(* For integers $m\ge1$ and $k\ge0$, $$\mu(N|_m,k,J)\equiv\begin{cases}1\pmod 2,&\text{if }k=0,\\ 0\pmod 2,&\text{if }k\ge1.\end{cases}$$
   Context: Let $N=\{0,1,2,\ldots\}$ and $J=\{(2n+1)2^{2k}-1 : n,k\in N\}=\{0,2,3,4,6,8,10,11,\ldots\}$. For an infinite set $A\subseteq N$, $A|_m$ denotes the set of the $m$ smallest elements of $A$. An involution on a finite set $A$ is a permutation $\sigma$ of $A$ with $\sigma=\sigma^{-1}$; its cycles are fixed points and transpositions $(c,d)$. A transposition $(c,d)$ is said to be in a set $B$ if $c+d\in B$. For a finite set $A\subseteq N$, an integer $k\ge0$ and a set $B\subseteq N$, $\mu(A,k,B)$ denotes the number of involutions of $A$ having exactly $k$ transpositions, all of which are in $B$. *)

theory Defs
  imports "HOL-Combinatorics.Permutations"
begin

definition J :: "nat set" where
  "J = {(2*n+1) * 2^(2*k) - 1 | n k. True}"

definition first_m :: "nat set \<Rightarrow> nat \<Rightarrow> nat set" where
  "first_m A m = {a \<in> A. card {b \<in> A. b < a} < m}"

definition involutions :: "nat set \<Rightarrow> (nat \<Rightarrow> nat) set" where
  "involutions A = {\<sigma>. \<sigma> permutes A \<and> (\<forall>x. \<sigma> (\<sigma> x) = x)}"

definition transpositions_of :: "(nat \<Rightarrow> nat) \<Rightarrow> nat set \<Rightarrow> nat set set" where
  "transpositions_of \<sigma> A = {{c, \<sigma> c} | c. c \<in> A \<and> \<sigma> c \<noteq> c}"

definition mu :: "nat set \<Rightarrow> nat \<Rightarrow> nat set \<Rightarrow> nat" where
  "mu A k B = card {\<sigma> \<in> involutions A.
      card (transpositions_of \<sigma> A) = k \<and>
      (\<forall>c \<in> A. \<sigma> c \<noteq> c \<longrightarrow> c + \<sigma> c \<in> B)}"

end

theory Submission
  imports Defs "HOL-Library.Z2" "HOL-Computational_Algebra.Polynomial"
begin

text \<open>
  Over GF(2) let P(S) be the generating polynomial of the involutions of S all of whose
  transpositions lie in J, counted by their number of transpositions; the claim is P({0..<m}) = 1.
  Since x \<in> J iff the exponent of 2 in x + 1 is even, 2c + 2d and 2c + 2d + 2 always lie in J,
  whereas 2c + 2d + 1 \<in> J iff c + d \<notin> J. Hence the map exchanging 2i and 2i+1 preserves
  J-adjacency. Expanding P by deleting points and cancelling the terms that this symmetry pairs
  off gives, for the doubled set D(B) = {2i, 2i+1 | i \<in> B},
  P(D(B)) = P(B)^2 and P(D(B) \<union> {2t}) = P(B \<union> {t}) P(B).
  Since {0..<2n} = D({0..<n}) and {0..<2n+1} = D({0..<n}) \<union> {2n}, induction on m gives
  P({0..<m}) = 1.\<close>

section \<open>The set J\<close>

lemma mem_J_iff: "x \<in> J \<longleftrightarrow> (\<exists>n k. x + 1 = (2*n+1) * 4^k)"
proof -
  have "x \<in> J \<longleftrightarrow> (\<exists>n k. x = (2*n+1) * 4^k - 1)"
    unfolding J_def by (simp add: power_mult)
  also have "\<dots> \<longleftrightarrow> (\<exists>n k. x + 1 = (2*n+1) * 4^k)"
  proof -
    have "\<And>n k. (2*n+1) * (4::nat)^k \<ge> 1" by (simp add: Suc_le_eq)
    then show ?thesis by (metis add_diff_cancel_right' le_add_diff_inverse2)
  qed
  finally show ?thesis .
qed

+++++

• **What is needed**
Could you return the complete listing, word for word?

• **Problem solution**
(* For integers $m\ge1$ and $k\ge0$, $$\mu(N|_m,k,J)\equiv\begin{cases}1\pmod 2,&\text{if }k=0,\\ 0\pmod 2,&\text{if }k\ge1.\end{cases}$$
   Context: Let $N=\{0,1,2,\ldots\}$ and $J=\{(2n+1)2^{2k}-1 : n,k\in N\}=\{0,2,3,4,6,8,10,11,\ldots\}$. For an infinite set $A\subseteq N$, $A|_m$ denotes the set of the $m$ smallest elements of $A$. An involution on a finite set $A$ is a permutation $\sigma$ of $A$ with $\sigma=\sigma^{-1}$; its cycles are fixed points and transpositions $(c,d)$. A transposition $(c,d)$ is said to be in a set $B$ if $c+d\in B$. For a finite set $A\subseteq N$, an integer $k\ge0$ and a set $B\subseteq N$, $\mu(A,k,B)$ denotes the number of involutions of $A$ having exactly $k$ transpositions, all of which are in $B$. *)

theory Defs
  imports "HOL-Combinatorics.Permutations"
begin

definition J :: "nat set" where
  "J = {(2*n+1) * 2^(2*k) - 1 | n k. True}"

definition first_m :: "nat set \<Rightarrow> nat \<Rightarrow> nat set" where
  "first_m A m = {a \<in> A. card {b \<in> A. b < a} < m}"

definition involutions :: "nat set \<Rightarrow> (nat \<Rightarrow> nat) set" where
  "involutions A = {\<sigma>. \<sigma> permutes A \<and> (\<forall>x. \<sigma> (\<sigma> x) = x)}"

definition transpositions_of :: "(nat \<Rightarrow> nat) \<Rightarrow> nat set \<Rightarrow> nat set set" where
  "transpositions_of \<sigma> A = {{c, \<sigma> c} | c. c \<in> A \<and> \<sigma> c \<noteq> c}"

definition mu :: "nat set \<Rightarrow> nat \<Rightarrow> nat set \<Rightarrow> nat" where
  "mu A k B = card {\<sigma> \<in> involutions A.
      card (transpositions_of \<sigma> A) = k \<and>
      (\<forall>c \<in> A. \<sigma> c \<noteq> c \<longrightarrow> c + \<sigma> c \<in> B)}"

end

theory Submission
  imports Defs "HOL-Library.Z2" "HOL-Computational_Algebra.Polynomial"
begin

text \<open>
  Over GF(2) let P(S) be the generating polynomial of the involutions of S all of whose
  transpositions lie in J, counted by their number of transpositions; the claim is P({0..<m}) = 1.
  Since x \<in> J iff the exponent of 2 in x + 1 is even, 2c + 2d and 2c + 2d + 2 always lie in J,
  whereas 2c + 2d + 1 \<in> J iff c + d \<notin> J. Hence the map exchanging 2i and 2i+1 preserves
  J-adjacency. Expanding P by deleting points and cancelling the terms that this symmetry pairs
  off gives, for the doubled set D(B) = {2i, 2i+1 | i \<in> B},
  P(D(B)) = P(B)^2 and P(D(B) \<union> {2t}) = P(B \<union> {t}) P(B).
  Since {0..<2n} = D({0..<n}) and {0..<2n+1} = D({0..<n}) \<union> {2n}, induction on m gives
  P({0..<m}) = 1.\<close>

section \<open>The set J\<close>

lemma mem_J_iff: "x \<in> J \<longleftrightarrow> (\<exists>n k. x + 1 = (2*n+1) * 4^k)"
proof -
  have "x \<in> J \<longleftrightarrow> (\<exists>n k. x = (2*n+1) * 4^k - 1)"
    unfolding J_def by (simp add: power_mult)
  also have "\<dots> \<longleftrightarrow> (\<exists>n k. x + 1 = (2*n+1) * 4^k)"
  proof -
    have "\<And>n k. (2*n+1) * (4::nat)^k \<ge> 1" by (simp add: Suc_le_eq)
    then show ?thesis by (metis add_diff_cancel_right' le_add_diff_inverse2)
  qed
  finally show ?thesis .
qed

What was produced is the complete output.